# Tennessee Walking Horse Conformation



## Elana (Jan 28, 2011)

The ONLY reasons to care about conformation is for structural long term soundness and suitability for a task. I like a well conformed horse because form follows function in an animal that weighs 1200 pounds (or more). 

This horse has a nice shoulder which is typical for the breed. He is a little long bodied but has a very nice hind quarter with good natural muscling. 

In the fault department he has knife withers.. easily bruised if you don't carefully fit his saddle. He has a weak neck.. with a dip in front of the withers.. indicating to me that he travels with his head high (he is a TWH, so is he gaited and does he naturally pick up the gait? often gaited TWH's have necks like this). He is built a little down hill.
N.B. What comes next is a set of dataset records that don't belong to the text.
section \<open>Determinant inequalities for doubly bordered matrices\<close>

lemma det_border_mat_duplicate_gt:
  fixes G :: "real mat"
  assumes G: "pos_def_mat k G" and u: "u \<in> carrier_vec k" and N: "N > 3"
    and gap: "det (border_mat G u N) > (N - 3) * det G"
  shows "det (border_mat (border_mat G u N) (vec_snoc u 3) N) > (N - 3) * det (border_mat G u N)"
proof -
  have Gc: "G \<in> carrier_mat k k" and T: "G\<^sup>T = G" using G unfolding pos_def_mat_def by auto
  obtain h where h: "h \<in> carrier_vec k" "G *\<^sub>v h = u" using pos_def_mat_solvable[OF G u] by blast
  define p where "p = N - u \<bullet> h"
  have dG: "det G > 0" by (rule pos_def_mat_det_pos[OF G])
  have dF: "det (border_mat G u N) = det G * p" unfolding p_def by (rule det_border_mat[OF Gc h])
  have p: "p > N - 3" using gap dG unfolding dF by (simp add: mult.commute)
  have "det (border_mat (border_mat G u N) (vec_snoc u 3) N) = det G * (p * p - (p - (N - 3))^2)"
    using det_border_mat_twice[OF Gc T h h p_def, of 3 N] p N unfolding p_def by simp
  also have "\<dots> = (N - 3) * det (border_mat G u N) + det G * ((N - 3) * (p - (N - 3)))"
    unfolding dF by (simp add: algebra_simps power2_eq_square)
  finally show ?thesis using p N dG by simp
qed

lemma det_border_mat_pos_of_twice:
  fixes G :: "real mat"
  assumes G: "pos_def_mat k G" and u: "u \<in> carrier_vec k" and w: "w \<in> carrier_vec k"
    and du: "det (border_mat G u N) > 0" and D: "det (border_mat (border_mat G u N) (vec_snoc w \<gamma>) N) > 0"
  shows "det (border_mat G w N) > 0"
proof -
  have Gc: "G \<in> carrier_mat k k" and T: "G\<^sup>T = G" using G unfolding pos_def_mat_def by auto
  obtain hu where hu: "hu \<in> carrier_vec k" "G *\<^sub>v hu = u" using pos_def_mat_solvable[OF G u] by blast
  obtain hw where hw: "hw \<in> carrier_vec k" "G *\<^sub>v hw = w" using pos_def_mat_solvable[OF G w] by blast
  define p where "p = N - u \<bullet> hu"
  define q where "q = N - w \<bullet> hw"
  have dG: "det G > 0" by (rule pos_def_mat_det_pos[OF G])
  have "det (border_mat G u N) = det G * p" unfolding p_def by (rule det_border_mat[OF Gc hu])
  hence p: "p > 0" using du dG by (simp add: zero_less_mult_iff)
  have "det G * (p * q - (\<gamma> - u \<bullet> hw)^2) > 0"
    using D det_border_mat_twice[OF Gc T hu hw p_def] p unfolding q_def by simp
  hence "p * q > 0" using dG by (smt (verit) zero_le_power2 zero_less_mult_iff)
  hence "q > 0" using p by (simp add: zero_less_mult_iff)
  moreover have "det (border_mat G w N) = det G * q" unfolding q_def by (rule det_border_mat[OF Gc hw])
  ultimately show ?thesis using dG by simp
qed

lemma det_border_mat_twice_lt_average:
  fixes G :: "real mat"
  assumes G: "pos_def_mat k G" and u: "u \<in> carrier_vec k" and w: "w \<in> carrier_vec k" and uw: "u \<noteq> w"
    and du: "det (border_mat G u N) > 0" and dw: "det (border_mat G w N) > 0"
    and gap: "det (border_mat (border_mat G u N) (vec_snoc w 3) N) > (N - 3) * det (border_mat G w N)"
  shows "2 * det (border_mat (border_mat G u N) (vec_snoc w 3) N) <
    det (border_mat (border_mat G u N) (vec_snoc u 3) N) + det (border_mat (border_mat G w N) (vec_snoc w 3) N)"
proof -
  have Gc: "G \<in> carrier_mat k k" and T: "G\<^sup>T = G" using G unfolding pos_def_mat_def by auto
  obtain hu where hu: "hu \<in> carrier_vec k" "G *\<^sub>v hu = u" using pos_def_mat_solvable[OF G u] by blast
  obtain hw where hw: "hw \<in> carrier_vec k" "G *\<^sub>v hw = w" using pos_def_mat_solvable[OF G w] by blast
  define a where "a = u \<bullet> hu"
  define b where "b = w \<bullet> hw"
  define c where "c = u \<bullet> hw"
  define p where "p = N - a"
  define q where "q = N - b"
  define s where "s = N - 3"
  have dG: "det G > 0" by (rule pos_def_mat_det_pos[OF G])
  have "det (border_mat G u N) = det G * p" unfolding p_def a_def by (rule det_border_mat[OF Gc hu])
  hence p: "p > 0" using du dG by (simp add: zero_less_mult_iff)
  have dwq: "det (border_mat G w N) = det G * q" unfolding q_def b_def by (rule det_border_mat[OF Gc hw])
  hence q: "q > 0" using dw dG by (simp add: zero_less_mult_iff)
  have Duw: "det (border_mat (border_mat G u N) (vec_snoc w 3) N) = det G * (p * q - (3 - c)^2)"
    using det_border_mat_twice[OF Gc T hu hw p_def[unfolded a_def]] p unfolding q_def b_def c_def by simp
  have Duu: "det (border_mat (border_mat G u N) (vec_snoc u 3) N) = det G * (p * p - (3 - a)^2)"
    using det_border_mat_twice[OF Gc T hu hu p_def[unfolded a_def]] p unfolding p_def a_def by simp
  have Dww: "det (border_mat (border_mat G w N) (vec_snoc w 3) N) = det G * (q * q - (3 - b)^2)"
    using det_border_mat_twice[OF Gc T hw hw q_def[unfolded b_def]] q unfolding q_def b_def by simp
  \<comment> \<open>The gap hypothesis amounts to p > N - 3.\<close>
  have "det G * (s * q) < det G * (p * q - (3 - c)^2)"
    using gap unfolding Duw dwq s_def by (simp add: mult.left_commute)
  hence "s * q < p * q - (3 - c)^2" using dG by simp
  hence "s * q < p * q" using zero_le_power2[of "3 - c"] by linarith
  hence ps: "p > s" using q by simp
  have cross: "a + b - 2 * c > 0"
    using scalar_prod_solution_diff_pos[OF G hu hw uw] unfolding a_def b_def c_def by simp
  have "2 * (p * q - (3 - c)^2) - (p * p - (3 - a)^2) - (q * q - (3 - b)^2) =
      - 2 * ((p - s) * (a + b - 2 * c) + (c - a)^2)"
    unfolding p_def q_def s_def by (simp add: algebra_simps power2_eq_square)
  also have "\<dots> < 0"
  proof -
    have "(p - s) * (a + b - 2 * c) + (c - a)^2 > 0" using ps cross by (intro add_pos_nonneg) simp_all
    thus ?thesis by simp
  qed
  finally have neg: "2 * (p * q - (3 - c)^2) - (p * p - (3 - a)^2) - (q * q - (3 - b)^2) < 0" .
  have "2 * det (border_mat (border_mat G u N) (vec_snoc w 3) N) -
      (det (border_mat (border_mat G u N) (vec_snoc u 3) N) + det (border_mat (border_mat G w N) (vec_snoc w 3) N))
      = det G * (2 * (p * q - (3 - c)^2) - (p * p - (3 - a)^2) - (q * q - (3 - b)^2))"
    unfolding Duw Duu Dww by (simp add: algebra_simps)
  also have "\<dots> < 0" using dG neg by (rule mult_pos_neg)
  finally show ?thesis by simp
qed

section \<open>The classes of integer matrices\<close>

abbreviation real_mat :: "int mat \<Rightarrow> real mat" where
  "real_mat A \<equiv> map_mat real_of_int A"

abbreviation real_vec :: "int vec \<Rightarrow> real vec" where
  "real_vec v \<equiv> map_vec real_of_int v"

lemma det_real_mat: "det (real_mat A) = real_of_int (det A)"
  by (rule of_int_hom.hom_det)

lemma real_mat_border_mat:
  "F \<in> carrier_mat t t \<Longrightarrow> x \<in> carrier_vec t \<Longrightarrow>
    real_mat (border_mat F x \<alpha>) = border_mat (real_mat F) (real_vec x) (real_of_int \<alpha>)"
  by (rule eq_matI, auto simp: border_mat_index)

lemma real_vec_snoc: "real_vec (vec_snoc z \<tau>) = vec_snoc (real_vec z) (real_of_int \<tau>)"
  by (rule eq_vecI, auto simp: vec_snoc_def)

lemma real_mat_leading_submat:
  "A \<in> carrier_mat (Suc t) (Suc t) \<Longrightarrow> real_mat (leading_submat A) = leading_submat (real_mat A)"
  by (rule eq_matI, auto simp: leading_submat_def)

lemma pos_def_int_iff: "pos_def_int t C \<longleftrightarrow> pos_def_mat t (real_mat C)"
proof -
  have "C\<^sup>T = C \<longleftrightarrow> (real_mat C)\<^sup>T = real_mat C"
    by (metis map_mat_transpose of_int_hom.mat_hom_inj)
  thus ?thesis unfolding pos_def_int_def pos_def_mat_def by auto
qed

lemma frakC_carrier: "M \<in> frakC n r \<Longrightarrow> M \<in> carrier_mat r r"
  unfolding frakC_def pos_def_int_def by auto

lemma frakE_carrier: "E \<in> frakE n M t \<Longrightarrow> E \<in> carrier_mat t t"
  unfolding frakE_def frakC_def pos_def_int_def by auto

lemma frakE_pos_def: "E \<in> frakE n M t \<Longrightarrow> pos_def_mat t (real_mat E)"
  unfolding frakE_def frakC_def pos_def_int_iff by auto

lemma frakE_diag: "E \<in> frakE n M t \<Longrightarrow> a < t \<Longrightarrow> E $$ (a,a) = n"
  unfolding frakE_def frakC_def by auto

lemma frakE_mod: "E \<in> frakE n M t \<Longrightarrow> a < t \<Longrightarrow> b < t \<Longrightarrow> E $$ (a,b) mod 4 = n mod 4"
  unfolding frakE_def frakC_def by auto

lemma frakE_index_M: "E \<in> frakE n M t \<Longrightarrow> a < dim_row M \<Longrightarrow> b < dim_row M \<Longrightarrow> E $$ (a,b) = M $$ (a,b)"
  unfolding frakE_def by auto

lemma frakE_sym:
  assumes E: "E \<in> frakE n M t" and "a < t" "b < t"
  shows "E $$ (a,b) = E $$ (b,a)"
proof -
  have "real_of_int (E $$ (a,b)) = real_of_int (E $$ (b,a))"
    using pos_def_mat_sym[OF frakE_pos_def[OF E] assms(2,3)] frakE_carrier[OF E] assms(2,3) by simp
  thus ?thesis by simp
qed

lemma frakE_self:
  assumes M: "M \<in> frakC n r"
  shows "frakE n M r = {M}"
proof -
  have "E = M" if E: "E \<in> frakE n M r" for E
    by (rule eq_matI, insert frakE_carrier[OF E] frakC_carrier[OF M] frakE_index_M[OF E], auto)
  moreover have "M \<in> frakE n M r" using M unfolding frakE_def by auto
  ultimately show ?thesis by blast
qed

lemma border_mat_leading_submat_frakE:
  assumes E: "E \<in> frakE n M (Suc t)"
  shows "border_mat (leading_submat E) (last_col E) n = E"
  using border_mat_leading_submat[OF frakE_carrier[OF E] frakE_sym[OF E]] frakE_diag[OF E, of t] by simp

lemma leading_submat_in_frakE:
  assumes E: "E \<in> frakE n M (Suc t)" and r: "dim_row M \<le> t"
  shows "leading_submat E \<in> frakE n M t"
proof -
  have Ec: "E \<in> carrier_mat (Suc t) (Suc t)" by (rule frakE_carrier[OF E])
  have "pos_def_mat t (real_mat (leading_submat E))"
    unfolding real_mat_leading_submat[OF Ec] by (rule pos_def_mat_leading_submat[OF frakE_pos_def[OF E]])
  thus ?thesis using Ec r frakE_diag[OF E] frakE_mod[OF E] frakE_index_M[OF E]
    unfolding frakE_def frakC_def pos_def_int_iff by (auto simp: leading_submat_index)
qed

lemma border_mat_in_frakE:
  assumes F: "F \<in> frakE n M t" and r: "dim_row M \<le> t"
    and x: "x \<in> carrier_vec t" and xm: "\<And>a. a < t \<Longrightarrow> x $ a mod 4 = n mod 4"
    and d: "det (border_mat F x n) > 0"
  shows "border_mat F x n \<in> frakE n M (Suc t)"
proof -
  have Fc: "F \<in> carrier_mat t t" by (rule frakE_carrier[OF F])
  have "det (border_mat (real_mat F) (real_vec x) (real_of_int n)) > 0"
    using d det_real_mat[of "border_mat F x n"] unfolding real_mat_border_mat[OF Fc x] by simp
  hence "pos_def_mat (Suc t) (real_mat (border_mat F x n))"
    unfolding real_mat_border_mat[OF Fc x]
    by (intro pos_def_border_mat_of_det_pos[OF frakE_pos_def[OF F]]) (use x in simp_all)
  thus ?thesis using Fc r x xm frakE_diag[OF F] frakE_mod[OF F] frakE_index_M[OF F]
    unfolding frakE_def frakC_def pos_def_int_iff by (auto simp: border_mat_index less_Suc_eq)
qed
His weakest part are in his legs. His gaskins are very light. His hocks are not large enough (they are barely adequate) and I wish they were a bit lower. His fore arms are light, his knees are small and round and he lacks bone. He is not back at the knee but he is very very straight through the knee and he is tied in at the knee. He looks like he needs his feet trimmed.


----------



## Saddlebag (Jan 17, 2011)

I like her confo. I too have a black but he's a chunky monkey. What are your mare's bloodlines?


----------



## EquestrianDream (Jul 4, 2014)

Thank you @Elana for your observation!  She is a TWH so is naturally gaited, and does tend to keep her head high when being ridden. Before I got her, (which was a few weeks ago) she wasn't ridden much and was very underweight, so I'm still trying to help her build up some muscle on her neck, and round her back a bit, to help improve her shape. Maybe that will help her conformation flaws somewhat. And yeah, I forgot to mention in the first post that I apologize if you notice her hooves looking like they need to be trimmed, I'm looking to have a farrier out soon! 

@Saddlebag, thanks! Pride's Jubilee Star is her grandsire, and Ebony Masterpiece is her grandsire on her dam's side. She also has Midnight Sun, Go Boy's Shadow and Sun's Delight in her bloodline.


----------